Stored data entries:

lemma survival_path_bound:
  fixes E :: "'a::finite \<Rightarrow> 'a \<Rightarrow> bool"
  assumes "E\<^sup>*\<^sup>* x z"
  shows "\<exists>j. survival E z j x \<le> 1 - (1 / real CARD('a)) ^ j"
  using assms
proof (induction rule: converse_rtranclp_induct)
  case base
  show ?case
    by (intro exI[of _ 0]) (simp add: survival_from_target)
next
  case (step x v)
  define c where "c = 1 / real CARD('a)"
  have c: "0 < c" "c \<le> 1"
    unfolding c_def by auto
  from step.IH obtain j where j: "survival E z j v \<le> 1 - c ^ j"
    unfolding c_def by auto
  show ?case
  proof (cases "x = z")
    case True
    then show ?thesis
      by (intro exI[of _ 0]) (simp add: survival_from_target)
  next
    case False
    have Pv: "c \<le> srw_P E x v"
      unfolding c_def using step.hyps(1) by (rule srw_P_ge_inverse_card)
    have "survival E z (Suc 0 + j) x = (\<Sum>w\<in>UNIV. killed_walk E z (Suc 0) x w * survival E z j w)"
      by (rule survival_add)
    also have "\<dots> \<le> (\<Sum>w\<in>UNIV. srw_P E x w * survival E z j w)"
      using False by (intro sum_mono)
        (simp only: killed_walk_Suc_0, auto intro!: mult_nonneg_nonneg srw_P_nonneg survival_nonneg)
    also have "\<dots> = srw_P E x v * survival E z j v + (\<Sum>w\<in>UNIV - {v}. srw_P E x w * survival E z j w)"
      by (subst sum.remove[of UNIV v]) auto
    also have "\<dots> \<le> srw_P E x v * (1 - c ^ j) + (\<Sum>w\<in>UNIV - {v}. srw_P E x w)"
      by (intro add_mono mult_left_mono j srw_P_nonneg sum_mono)
         (auto intro: mult_left_le[OF survival_le_1 srw_P_nonneg])
    also have "\<dots> = srw_P E x v * (1 - c ^ j) + ((\<Sum>w\<in>UNIV. srw_P E x w) - srw_P E x v)"
      by (subst sum.remove[of UNIV v]) auto
    also have "\<dots> \<le> 1 - srw_P E x v * c ^ j"
      using sum_srw_P_le_1[of E x] by (simp add: algebra_simps)
    also have "\<dots> \<le> 1 - c ^ Suc j"
      using Pv c by (simp add: mult_right_mono)
    finally show ?thesis
      unfolding c_def by (intro exI[of _ "Suc j"]) simp
  qed
qed

lemma survival_uniform_bound:
  fixes E :: "'a::finite \<Rightarrow> 'a \<Rightarrow> bool"
  assumes "connected_graph E"
  obtains J q where "0 < J" "0 < q" "q < 1" "\<And>x. survival E z J x \<le> q"
proof -
  define c where "c = 1 / real CARD('a)"
  have c: "0 < c" "c \<le> 1"
    unfolding c_def by auto
  have "\<forall>x. \<exists>j. survival E z j x \<le> 1 - c ^ j"
    using survival_path_bound assms unfolding connected_graph_def c_def by blast
  then obtain j where j: "\<And>x. survival E z (j x) x \<le> 1 - c ^ j x"
    by metis
  define J where "J = Suc (Max (range j))"
  have jJ: "j x \<le> J" for x
    unfolding J_def by (simp add: le_SucI)
  have "survival E z J x \<le> 1 - c ^ J" for x
  proof -
    have "survival E z J x \<le> 1 - c ^ j x"
      using survival_antimono[OF jJ] j by (rule order.trans)
    also have "\<dots> \<le> 1 - c ^ J"
      using c jJ[of x] by (simp add: power_decreasing)
    finally show ?thesis .
  qed
  moreover have "0 < c ^ J"
    using c by simp
  ultimately show ?thesis
    by (intro that[of J "max (1 - c ^ J) (1 / 2)"]) (auto simp: J_def intro: le_max_iff_disj[THEN iffD2])
qed

lemma survival_geometric_bound:
  fixes E :: "'a::finite \<Rightarrow> 'a \<Rightarrow> bool"
  assumes "connected_graph E"
  obtains r C where "0 < r" "r < 1" "\<And>n x. survival E z n x \<le> C * r ^ n"
proof -
  obtain J q where J: "0 < J" and q: "0 < q" "q < 1" and bound: "\<And>x. survival E z J x \<le> q"
    using survival_uniform_bound[OF assms] by metis
  define r where "r = root J q"
  have r: "0 < r" "r < 1" "r ^ J = q"
    unfolding r_def using J q by (auto simp: real_root_gt_zero)
  have step: "survival E z (n + J) x \<le> q * survival E z n x" for n x
  proof -
    have "survival E z (n + J) x = (\<Sum>w\<in>UNIV. killed_walk E z n x w * survival E z J w)"
      by (rule survival_add)
    also have "\<dots> \<le> (\<Sum>w\<in>UNIV. killed_walk E z n x w * q)"
      by (intro sum_mono mult_left_mono killed_walk_nonneg bound)
    also have "\<dots> = q * survival E z n x"
      by (simp add: survival_def sum_distrib_left mult.commute)
    finally show ?thesis .
  qed
  have "survival E z n x \<le> (1 / q) * r ^ n" for n x
  proof (induction n arbitrary: x rule: less_induct)
    case (less n)
    show ?case
    proof (cases "n < J")
      case True
      have "q \<le> r ^ n"
        unfolding r(3)[symmetric] using r True by (intro power_decreasing) auto
      then have "1 \<le> (1 / q) * r ^ n"
        using q by (simp add: field_simps)
      then show ?thesis
        using survival_le_1[of E z n x] by linarith
    next
      case False
      then obtain m where n: "n = m + J"
        by (metis add.commute le_add_diff_inverse not_less)
      have "survival E z n x \<le> q * survival E z m x"
        unfolding n by (rule step)
      also have "\<dots> \<le> q * ((1 / q) * r ^ m)"
        using less.IH[of m] n J q by (intro mult_left_mono) auto
      also have "\<dots> = (1 / q) * r ^ n"
        unfolding n using r q by (simp add: power_add)
      finally show ?thesis .
    qed
  qed
  then show ?thesis
    using that r by blast
qed

lemma summable_killed_walk:
  fixes E :: "'a::finite \<Rightarrow> 'a \<Rightarrow> bool"
  assumes "connected_graph E"
  shows "summable (\<lambda>n. killed_walk E z n x y)"
proof -
  obtain r C where r: "0 < r" "r < 1" and C: "\<And>n x. survival E z n x \<le> C * r ^ n"
    using survival_geometric_bound[OF assms] by metis
  show ?thesis
  proof (rule summable_comparison_test')
    show "summable (\<lambda>n. C * r ^ n)"
      using r by (intro summable_mult summable_geometric) auto
    show "norm (killed_walk E z n x y) \<le> C * r ^ n" for n
      using killed_walk_nonneg[of E z n x y] killed_walk_le_survival[of E z n x y] C[of n x] by simp
  qed
qed

subsection \<open>The Green function\<close>

lemma green_z_eq:
  fixes E :: "'a::finite \<Rightarrow> 'a \<Rightarrow> bool"
  assumes "connected_graph E" and "y \<noteq> w"
  shows "green_z E w z y = (if z = y then 1 else 0) + (\<Sum>v\<in>UNIV. green_z E w z v * srw_P E v y)"
proof -
  have S: "summable (\<lambda>n. killed_walk E w n z v)" for v
    by (rule summable_killed_walk[OF assms(1)])
  have "green_z E w z y = killed_walk E w 0 z y + (\<Sum>n. killed_walk E w (Suc n) z y)"
    unfolding green_z_def using suminf_split_head[OF S[of y]] by simp
  also have "(\<Sum>n. killed_walk E w (Suc n) z y) = (\<Sum>n. \<Sum>v\<in>UNIV. killed_walk E w n z v * srw_P E v y)"
    using assms(2) by simp
  also have "\<dots> = (\<Sum>v\<in>UNIV. \<Sum>n. killed_walk E w n z v * srw_P E v y)"
    by (rule suminf_sum) (intro summable_mult2 S)
  also have "\<dots> = (\<Sum>v\<in>UNIV. green_z E w z v * srw_P E v y)"
    unfolding green_z_def by (intro sum.cong refl suminf_mult2[symmetric] S)
  finally show ?thesis
    using assms(2) by simp
qed

lemma deg_eq_0_imp_eq:
  fixes E :: "'a::finite \<Rightarrow> 'a \<Rightarrow> bool"
  assumes "connected_graph E" and "deg E y = 0"
  shows "x = y"
proof (rule ccontr)
  assume "x \<noteq> y"
  moreover have "E\<^sup>*\<^sup>* y x"
    using assms(1) unfolding connected_graph_def by auto
  ultimately obtain v where "E y v"
    by (metis converse_rtranclpE)
  then show False
    using assms(2) unfolding deg_def by auto
qed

**Your assignment:**
Work out how many lines in the records contain the word "commute", and give that number by itself.

**Answer to this problem:**
2